The PC, and more recently the Internet, were such great paradigm shifts, that social and educational barriers were broken and old hierarchies overturned. In its early days, computing was exclusive to governmental institutions and corporations, limiting creativity and development. That all changed dramatically when we reinvented its purpose.
Nowadays we are witnessing derivations of this model taking shape in other industries. As with any technology, Moore’s law is ever-present when it comes to the medical field.
Since the Humane Genome Project wrapped up, nine years ago, you may be aware that the cost to sequence a human genome is dropping, but you probably have no idea how fast that price is coming down. Gene sequencing has gotten faster and cheaper at a pace rivaling the computer industry.
Imagine a world where you have your own medical testing lab on you at most times. Does it sound like something out of Star Trek? Well, it is not that far away. In fact, I am sure a lot of you are already tracking your vitals through apps and gadgets, such as Runtastic or Jawbone’s Up. As applications like this evolve, we are steadily creating our own health databases, just like we have done for our media or social interactions. For example, IBM’s Watson made the move from answering trivia questions to making medical diagnoses in Toronto’s General Hospital. Now picture having a personal Watson with access to your medical history and current development. Not SF, more like just around the corner.

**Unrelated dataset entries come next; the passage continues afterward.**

text \<open>Given the predictors, the test error is a quadratic form in the Gaussian noise: with
  \<open>H = F\<^sub>u (F\<^sub>x' F\<^sub>x)\<^sup>-\<^sup>1 F\<^sub>x'\<close> it equals \<open>|\<epsilon>\<^sub>u - H \<epsilon>\<^sub>x|\<^sup>2 / m = |C z|\<^sup>2 / m\<close>, where \<open>z\<close> is the vector of
  all \<open>n + m\<close> i.i.d. \<open>N(0, \<sigma>\<^sup>2)\<close> errors and \<open>C = [-H | I]\<close>. Isserlis' theorem gives
  \<open>E (z' Q z)\<^sup>2 = \<sigma>\<^sup>4 ((tr Q)\<^sup>2 + 2 tr Q\<^sup>2)\<close> for symmetric \<open>Q\<close>; for \<open>Q = C' C\<close> the traces are
  \<open>m + tr K\<close> and \<open>m + 2 tr K + tr K\<^sup>2\<close> with \<open>K = H H'\<close>. The matched split makes \<open>K\<^sup>2 = (m/n) K\<close>
  and \<open>tr K = (m/n) p\<close>, so the conditional second moment is the same constant for almost every
  design, and integrating over the predictors, which are independent of the errors, gives the
  theorem.\<close>

lemma prod_power_of_bool_eq:
  "(\<Prod>k\<in>UNIV. z k ^ of_bool (a = k)) = z a"
  for z :: "'k::finite \<Rightarrow> 'b::comm_monoid_mult"
proof -
  have "(\<Prod>k\<in>UNIV. z k ^ of_bool (a = k)) = (\<Prod>k\<in>UNIV. if a = k then z k else 1)"
    by (intro prod.cong) auto
  then show ?thesis
    by (simp add: prod.delta)
qed

lemma sum_pairings_quadratic:
  fixes Q :: "'k::finite \<Rightarrow> 'k \<Rightarrow> real"
  assumes symmetric: "\<And>a b. Q a b = Q b a"
  shows "(\<Sum>a\<in>UNIV. \<Sum>b\<in>UNIV. \<Sum>c\<in>UNIV. \<Sum>d\<in>UNIV. Q a b * Q c d *
            (of_bool (a = b \<and> c = d) + of_bool (a = c \<and> b = d) + of_bool (a = d \<and> b = c)))
       = (\<Sum>a\<in>UNIV. Q a a)\<^sup>2 + 2 * (\<Sum>a\<in>UNIV. \<Sum>b\<in>UNIV. (Q a b)\<^sup>2)"
proof -
  have if_zero: "\<And>P h A. (\<Sum>x\<in>A. if P then h x else (0::real)) = (if P then sum h A else 0)"
    by auto
  have "(\<Sum>a\<in>UNIV. \<Sum>b\<in>UNIV. \<Sum>c\<in>UNIV. \<Sum>d\<in>UNIV. Q a b * Q c d * of_bool (a = b \<and> c = d))
      = (\<Sum>a\<in>UNIV. \<Sum>b\<in>UNIV. \<Sum>c\<in>UNIV. \<Sum>d\<in>UNIV. if a = b then (if c = d then Q a b * Q c d else 0) else 0)"
    by (intro sum.cong refl) auto
  also have "\<dots> = (\<Sum>a\<in>UNIV. \<Sum>c\<in>UNIV. Q a a * Q c c)"
    by (simp only: if_zero sum.delta' finite UNIV_I if_True)
  finally have trace_term: "(\<Sum>a\<in>UNIV. \<Sum>b\<in>UNIV. \<Sum>c\<in>UNIV. \<Sum>d\<in>UNIV. Q a b * Q c d * of_bool (a = b \<and> c = d))
      = (\<Sum>a\<in>UNIV. Q a a)\<^sup>2"
    by (simp add: power2_eq_square sum_product)
  have "(\<Sum>a\<in>UNIV. \<Sum>b\<in>UNIV. \<Sum>c\<in>UNIV. \<Sum>d\<in>UNIV. Q a b * Q c d * of_bool (a = c \<and> b = d))
      = (\<Sum>a\<in>UNIV. \<Sum>b\<in>UNIV. \<Sum>c\<in>UNIV. if a = c then (\<Sum>d\<in>UNIV. if b = d then Q a b * Q c d else 0) else 0)"
    by (intro sum.cong refl) auto
  then have square_term: "(\<Sum>a\<in>UNIV. \<Sum>b\<in>UNIV. \<Sum>c\<in>UNIV. \<Sum>d\<in>UNIV. Q a b * Q c d * of_bool (a = c \<and> b = d))
      = (\<Sum>a\<in>UNIV. \<Sum>b\<in>UNIV. (Q a b)\<^sup>2)"
    by (simp add: sum.delta sum.delta' power2_eq_square)
  have "(\<Sum>a\<in>UNIV. \<Sum>b\<in>UNIV. \<Sum>c\<in>UNIV. \<Sum>d\<in>UNIV. Q a b * Q c d * of_bool (a = d \<and> b = c))
      = (\<Sum>a\<in>UNIV. \<Sum>b\<in>UNIV. \<Sum>c\<in>UNIV. if b = c then (\<Sum>d\<in>UNIV. if a = d then Q a b * Q c d else 0) else 0)"
    by (intro sum.cong refl) auto
  then have transposed_term: "(\<Sum>a\<in>UNIV. \<Sum>b\<in>UNIV. \<Sum>c\<in>UNIV. \<Sum>d\<in>UNIV. Q a b * Q c d * of_bool (a = d \<and> b = c))
      = (\<Sum>a\<in>UNIV. \<Sum>b\<in>UNIV. (Q a b)\<^sup>2)"
    using symmetric by (simp add: sum.delta sum.delta' power2_eq_square)
  show ?thesis
    unfolding distrib_left sum.distrib trace_term square_term transposed_term by simp
qed

lemma square_quadratic_form:
  "(\<Sum>a\<in>A. \<Sum>b\<in>A. Q a b * z a * z b :: real)\<^sup>2 =
     (\<Sum>a\<in>A. \<Sum>b\<in>A. \<Sum>c\<in>A. \<Sum>d\<in>A. Q a b * Q c d * (z a * z b * z c * z d))"
proof -
  have "(\<Sum>a\<in>A. \<Sum>b\<in>A. Q a b * z a * z b)\<^sup>2 =
      (\<Sum>a\<in>A. \<Sum>b\<in>A. (Q a b * z a * z b) * (\<Sum>c\<in>A. \<Sum>d\<in>A. Q c d * z c * z d))"
    by (simp add: power2_eq_square sum_distrib_right)
  also have "\<dots> = (\<Sum>a\<in>A. \<Sum>b\<in>A. \<Sum>c\<in>A. \<Sum>d\<in>A. (Q a b * z a * z b) * (Q c d * z c * z d))"
    by (simp add: sum_distrib_left)
  finally show ?thesis
    by (simp add: mult_ac)
qed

Our personal genome is one of the crucial pieces of information that can make a difference in this context, because being connected to such analytical systems, we will have the ability to actively compare and single out various causes of conditions.
Recently, UK based company Oxford Nanopore made important steps in exactly this direction by creating a disposable DNA sequencer that’s the size of a thumb drive, and powered by a USB port. The MinION can read more than 150 million base pairs in up to 6 hours. While larger human chromosomes contain up to 250 million base pairs, that’s a very impressive step towards the democratization of low cost sequencing (under 1.000 $). Watch the founder of the X Prize, Peter Diamantis, reference a series of disruptive technological developments and advocating technological democratization at TEDMED:
Although there is much to be discussed on the issue of PH (personalized healthcare) I’d like to leave you with two questions:
– how will our future diagnostic processes and overall healthcare look like going down the road of personalization?
– what other areas would this model work on?